The crabs-in-a-barrel mindset is real

    I love Black people. Our camaraderie borders on familial. Seeing the “Black village” mentality at work is truly a moving sight. However, the infighting in “the family” can be as unnerving as the harmony is calming. This is especially true when it comes to polarizing Black public figures, and whether or not we should support them.

    Tyler Perry was recently identified by Forbes as the highest paid man in Hollywood. To sum it up simply, this is major. Brad Pitt, Matt Damon, Johnny Depp and any other huge name you can conjure up, all fall in line behind Mr. Madea on the money train…but, don’t expect a parade. 

    Monday, pop culture writer Touré appeared on CNN with Dr. Boyce Watkins. The men commented on Spike Lee’s earlier statement that much of what is fed to us from Black Hollywood is “coonery buffoonery.” Touré chimed in with calling Tyler’s work “cinematic malt liquor for the masses.” When Boyce credited him with creating jobs, Touré responded, “I want to point out that drug dealers also create jobs, but we’re not giving them credit for creating jobs. Just creating jobs is not enough.” He went on to essentially say that Tyler botches every aspect of every movie he creates. Touré’s appearance in the next Madea installment is doubtful.

    Currently, there is no Black political figure more polarizing than President Barack Obama. Political commentator Tavis Smiley (pictured above) never misses an opportunity to issue carefully worded criticisms toward Obama; for everything from not having a Black agenda, to not inviting Tavis to the White House. Professor Cornel West has been much more direct, and called him a “Black mascot of Wall Street oligarchs and a Black puppet of corporate plutocrats.” In fact, the Congressional Black Caucus feels they have held back on Obama for too long. Rep. Maxine Waters stated the CBC is simply waiting for permission to “unleash” on him.

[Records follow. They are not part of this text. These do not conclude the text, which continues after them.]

lemma sqrt_combination_same_radicand:
  assumes "poly q x \<ge> 0"
  shows "sqrt_combination q q P1 P2 P3 P4 x = poly (P1 + q * P4) x + poly (P2 + P3) x * sqrt (poly q x)"
  using assms by (simp add: sqrt_combination_def algebra_simps)

lemma sqrt_combination_eq_0_imp_biquadratic_norm:
  assumes "poly q1 x \<ge> 0" and "poly q2 x \<ge> 0" and "sqrt_combination q1 q2 P1 P2 P3 P4 x = 0"
  shows "poly (biquadratic_norm q1 q2 P1 P2 P3 P4) x = 0"
  using assms by (intro poly_biquadratic_norm_eq_0[of "sqrt (poly q1 x)" _ _ "sqrt (poly q2 x)"])
    (simp_all add: sqrt_combination_def real_sqrt_mult)

lemma degree_quadratic_norm_le:
  assumes "degree q \<le> 2" and "degree a \<le> n + 2" and "degree b \<le> n"
  shows "degree (quadratic_norm q a b) \<le> 2 * (n + 2)"
proof -
  have "degree (a\<^sup>2) \<le> 2 * (n + 2)"
    using assms(2) degree_power_le[of a 2] by simp
  moreover have "degree (q * b\<^sup>2) \<le> 2 * (n + 2)"
    using assms(1,3) degree_mult_le[of q "b\<^sup>2"] degree_power_le[of b 2] by simp
  ultimately show ?thesis unfolding quadratic_norm_def by (rule degree_diff_le)
qed
lemma dual_idempotent_mult_jacobson_eq_0:
  fixes M :: "'f::field^'x::finite^'x"
  assumes S: "is_scheme R d" and pv: "p'_valenced CHAR('f) R d"
    and M: "M \<in> jacobson_radical (terwilliger_alg R d x)"
    and a: "a \<le> d" "valency R d a = 1"
  shows "dual_idempotent R x a ** M = 0"
proof (rule ccontr)
  obtain z where z: "{w. (x, w) \<in> R a} = {z}" using subconstituent_singleton[OF S a] .
  assume "dual_idempotent R x a ** M \<noteq> 0"
  then obtain r c where r: "(x, r) \<in> R a" and "M $ r $ c \<noteq> 0"
    by (metis vec_eq_iff zero_index dual_idempotent_mult_index)
  moreover have "r = z" using z r by blast
  ultimately have Mzc: "M $ z $ c \<noteq> 0" by simp
  obtain j where j: "j \<le> d" "(x, c) \<in> R j" using scheme_cover[OF S] by blast
  have AM: "adj_matrix R a ** M \<in> terwilliger_alg R d x"
    using M a(1) by (auto simp: jacobson_radical_def intro: terwilliger_alg.intros)
  have At: "transpose (adj_matrix R j) \<in> terwilliger_alg R d x"
    using j(1) by (intro terwilliger_alg_transpose[OF S] terwilliger_alg.gen_A)
  have "(adj_matrix R a ** M ** transpose (adj_matrix R j)) $ x $ x = 0"
    by (rule terwilliger_alg_jacobson_diag_entry_eq_0[OF S M At terwilliger_alg.gen_A[OF a(1)]])
  moreover have "(adj_matrix R a ** M ** transpose (adj_matrix R j)) $ x $ x =
      of_nat (valency R d j) * M $ z $ c"
    using terwilliger_alg_row_sum[OF S AM j] by (simp add: adj_matrix_mult_singleton[of x R a z, OF z])
  ultimately show False
    using Mzc of_nat_valency_neq_0[OF pv j(1)] by simp
qed

lemma jacobson_mult_dual_idempotent_eq_0:
  fixes M :: "'f::field^'x::finite^'x"
  assumes S: "is_scheme R d" and pv: "p'_valenced CHAR('f) R d"
    and M: "M \<in> jacobson_radical (terwilliger_alg R d x)"
    and a: "a \<le> d" "valency R d a = 1"
  shows "M ** dual_idempotent R x a = 0"
proof (rule ccontr)
  obtain z where z: "{w. (x, w) \<in> R a} = {z}" using subconstituent_singleton[OF S a] .
  assume "M ** dual_idempotent R x a \<noteq> 0"
  then obtain r c where c: "(x, c) \<in> R a" and "M $ r $ c \<noteq> 0"
    by (metis vec_eq_iff zero_index mult_dual_idempotent_index)
  moreover have "c = z" using z c by blast
  ultimately have Mrz: "M $ r $ z \<noteq> 0" by simp
  obtain i where i: "i \<le> d" "(x, r) \<in> R i" using scheme_cover[OF S] by blast
  have At: "transpose (adj_matrix R a) \<in> terwilliger_alg R d x"
    using a(1) by (intro terwilliger_alg_transpose[OF S] terwilliger_alg.gen_A)
  then have MA: "M ** transpose (adj_matrix R a) \<in> terwilliger_alg R d x"
    using M by (auto simp: jacobson_radical_def intro: terwilliger_alg.mult)
  have "(adj_matrix R i ** M ** transpose (adj_matrix R a)) $ x $ x = 0"
    by (rule terwilliger_alg_jacobson_diag_entry_eq_0[OF S M At terwilliger_alg.gen_A[OF i(1)]])
  moreover have "(adj_matrix R i ** M ** transpose (adj_matrix R a)) $ x $ x =
      of_nat (valency R d i) * M $ r $ z"
    using terwilliger_alg_column_sum[OF S MA i]
    by (simp add: matrix_mul_assoc mult_transpose_adj_matrix_singleton[of x R a z, OF z])
  ultimately show False
    using Mrz of_nat_valency_neq_0[OF pv i(1)] by simp
qed
lemma cycle_meets_separator_twice:
  fixes xs :: "'a list"
  defines "n \<equiv> length xs"
  assumes cover: "set xs \<subseteq> D \<union> R \<union> T"
    and disj: "D \<inter> R = {}" "D \<inter> T = {}" "R \<inter> T = {}"
    and no_cross: "\<And>i. i < n \<Longrightarrow> xs ! i \<in> D \<Longrightarrow> xs ! ((i + 1) mod n) \<notin> R"
      "\<And>i. i < n \<Longrightarrow> xs ! i \<in> R \<Longrightarrow> xs ! ((i + 1) mod n) \<notin> D"
    and pq: "p < n" "q < n" "xs ! p \<in> D" "xs ! q \<in> R"
  shows "\<exists>i<n. \<exists>j<n. i \<noteq> j \<and> j \<noteq> (i + 1) mod n \<and> i \<noteq> (j + 1) mod n \<and> xs ! i \<in> T \<and> xs ! j \<in> T"
proof -
  define g where "g k = xs ! ((p + k) mod n)" for k
  have n0: "0 < n" using pq by linarith
  have g_cover: "g k \<in> D \<union> R \<union> T" for k
    using cover n0 unfolding g_def n_def by (meson mod_less_divisor nth_mem subsetD)
  have g_step: "(g k \<in> D \<longrightarrow> g (Suc k) \<notin> R) \<and> (g k \<in> R \<longrightarrow> g (Suc k) \<notin> D)" for k
    using no_cross[of "(p + k) mod n"] n0 unfolding g_def by (simp add: mod_Suc_eq)
  define s where "s = (if p \<le> q then q - p else q + n - p)"
  have "g 0 \<in> D" "g n \<in> D" "g s \<in> R" "0 < s" "s < n"
    using pq disj(1) unfolding g_def s_def by auto
  \<comment> \<open>Going round the cycle from p, the first exit from D and the first exit from R after q
    both land in T, and they are at least two steps apart in either direction.\<close>
  then obtain k1 where k1: "k1 < s" "g k1 \<in> D" "g (Suc k1) \<notin> D"
    using nat_first_change[of 0 s "\<lambda>k. g k \<in> D"] disj(1) by auto
  have T1: "g (Suc k1) \<in> T" using g_cover[of "Suc k1"] g_step[of k1] k1 by blast
  have "Suc k1 < s" using T1 \<open>g s \<in> R\<close> k1(1) disj(3) by (metis Suc_lessI disjoint_iff)
  obtain k2 where k2: "s \<le> k2" "k2 < n" "g k2 \<in> R" "g (Suc k2) \<notin> R"
    using nat_first_change[of s n "\<lambda>k. g k \<in> R"] \<open>g n \<in> D\<close> \<open>g s \<in> R\<close> \<open>s < n\<close> disj(1) by auto
  have T2: "g (Suc k2) \<in> T" using g_cover[of "Suc k2"] g_step[of k2] k2 by blast
  have "Suc k2 < n" using T2 \<open>g n \<in> D\<close> k2(2) disj(2) by (metis Suc_lessI disjoint_iff)
  let ?i = "(p + Suc k1) mod n" and ?j = "(p + Suc k2) mod n"
  have "?i \<noteq> ?j" "?j \<noteq> (?i + 1) mod n"
    using mod_neq_if_close[of "p + Suc k1" "p + Suc k2" n]
      mod_neq_if_close[of "p + Suc k1 + 1" "p + Suc k2" n] \<open>Suc k1 < s\<close> k2(1) \<open>Suc k2 < n\<close>
    by (simp_all add: mod_Suc_eq)
  moreover have "?i \<noteq> (?j + 1) mod n"
  proof -
    have "(p + Suc k2 + 1) mod n \<noteq> (p + Suc k1 + n) mod n"
      by (rule mod_neq_if_close) (use \<open>Suc k1 < s\<close> k2(1) \<open>Suc k2 < n\<close> in linarith)+
    then have "(p + Suc k2 + 1) mod n \<noteq> ?i" by (metis mod_add_self2)
    then show ?thesis by (metis mod_add_left_eq)
  qed
  moreover have "?i < n" "?j < n" using n0 by simp_all
  ultimately show ?thesis using T1 T2 unfolding g_def by blast
qed

lemma chordal_remove_crossing_edges:
  assumes chordal: "chordal V H"
    and sub: "\<And>u v. adj H' u v \<Longrightarrow> adj H u v"
    and missing: "\<And>u v. adj H u v \<Longrightarrow> \<not> adj H' u v \<Longrightarrow> u \<in> D \<and> v \<in> R \<or> u \<in> R \<and> v \<in> D"
    and no_cross: "\<And>u v. u \<in> D \<Longrightarrow> v \<in> R \<Longrightarrow> \<not> adj H' u v"
    and cover: "V \<subseteq> D \<union> R \<union> T" and disj: "D \<inter> R = {}" "D \<inter> T = {}" "R \<inter> T = {}"
    and clique: "\<And>u v. u \<in> T \<Longrightarrow> v \<in> T \<Longrightarrow> u \<noteq> v \<Longrightarrow> adj H' u v"
  shows "chordal V H'"
  unfolding chordal_def Let_def
proof (intro allI impI)
  fix xs :: "'a list"
  let ?n = "length xs"
  let ?chord = "\<lambda>H. \<exists>i<?n. \<exists>j<?n. i \<noteq> j \<and> j \<noteq> (i + 1) mod ?n \<and> i \<noteq> (j + 1) mod ?n \<and> adj H (xs ! i) (xs ! j)"
  assume cycle: "4 \<le> ?n \<and> distinct xs \<and> set xs \<subseteq> V \<and> (\<forall>i<?n. adj H' (xs ! i) (xs ! ((i + 1) mod ?n)))"
  then have "?chord H" using chordal sub unfolding chordal_def Let_def by blast
  then obtain i j where ij: "i < ?n" "j < ?n" "i \<noteq> j" "j \<noteq> (i + 1) mod ?n" "i \<noteq> (j + 1) mod ?n"
    "adj H (xs ! i) (xs ! j)" by blast
  show "?chord H'"
  proof (cases "adj H' (xs ! i) (xs ! j)")
    case False
    then obtain p q where pq: "p < ?n" "q < ?n" "xs ! p \<in> D" "xs ! q \<in> R"
      using missing[OF ij(6)] ij(1,2) by blast
    have "set xs \<subseteq> D \<union> R \<union> T" using cycle cover by blast
    moreover have "xs ! ((k + 1) mod ?n) \<notin> R" if "k < ?n" "xs ! k \<in> D" for k
      using that cycle no_cross by blast
    moreover have "xs ! ((k + 1) mod ?n) \<notin> D" if "k < ?n" "xs ! k \<in> R" for k
      using that cycle no_cross adj_sym by metis
    ultimately obtain i' j' where "i' < ?n" "j' < ?n" "i' \<noteq> j'" "j' \<noteq> (i' + 1) mod ?n"
      "i' \<noteq> (j' + 1) mod ?n" "xs ! i' \<in> T" "xs ! j' \<in> T"
      using cycle_meets_separator_twice[OF _ disj _ _ pq] by blast
    moreover have "xs ! i' \<noteq> xs ! j'" using cycle calculation by (simp add: nth_eq_iff_index_eq)
    ultimately show ?thesis using clique by blast
  qed (use ij in blast)
qed

lemma triangulation_remove_crossing_fill:
  assumes tri: "triangulation V E F"
    and clique: "\<And>u v. u \<in> T \<Longrightarrow> v \<in> T \<Longrightarrow> u \<noteq> v \<Longrightarrow> adj (E \<union> F) u v"
    and D: "D \<subseteq> V - T" and sep: "\<And>u v. u \<in> D \<Longrightarrow> v \<in> V - T - D \<Longrightarrow> \<not> adj E u v"
  shows "triangulation V E (F - {{u, v} | u v. u \<in> D \<and> v \<in> V - T - D})"
    (is "triangulation V E (F - ?X)")
  unfolding triangulation_def
proof
  show "F - ?X \<subseteq> non_edges V E" using tri unfolding triangulation_def by blast
  show "chordal V (E \<union> (F - ?X))"
  proof (rule chordal_remove_crossing_edges[where H = "E \<union> F" and D = D and R = "V - T - D" and T = T])
    show "chordal V (E \<union> F)" using tri unfolding triangulation_def by blast
    show "u \<in> D \<and> v \<in> V - T - D \<or> u \<in> V - T - D \<and> v \<in> D"
      if "adj (E \<union> F) u v" "\<not> adj (E \<union> (F - ?X)) u v" for u v
      using that by (auto simp: adj_def doubleton_eq_iff)
    show "\<not> adj (E \<union> (F - ?X)) u v" if "u \<in> D" "v \<in> V - T - D" for u v
      using that sep[OF that] by (auto simp: adj_def)
    show "adj (E \<union> (F - ?X)) u v" if "u \<in> T" "v \<in> T" "u \<noteq> v" for u v
      using that clique[OF that] D by (auto simp: adj_def doubleton_eq_iff)
  qed (use D in \<open>auto simp: adj_def\<close>)
qed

    The fact is, Tyler is not the first person to create and be highly paid for fluff movies. He won’t be the last. Is he somehow more culpable than the people who buy tickets to his movies? Or for that matter, more culpable than TBS, who can’t seem to say no to his TV shows? Is Touré criticizing Tyler (even if only through implication) for producing a poor Black product, or a poor product? What, for that matter, is he offering besides eye rolls on CNN? 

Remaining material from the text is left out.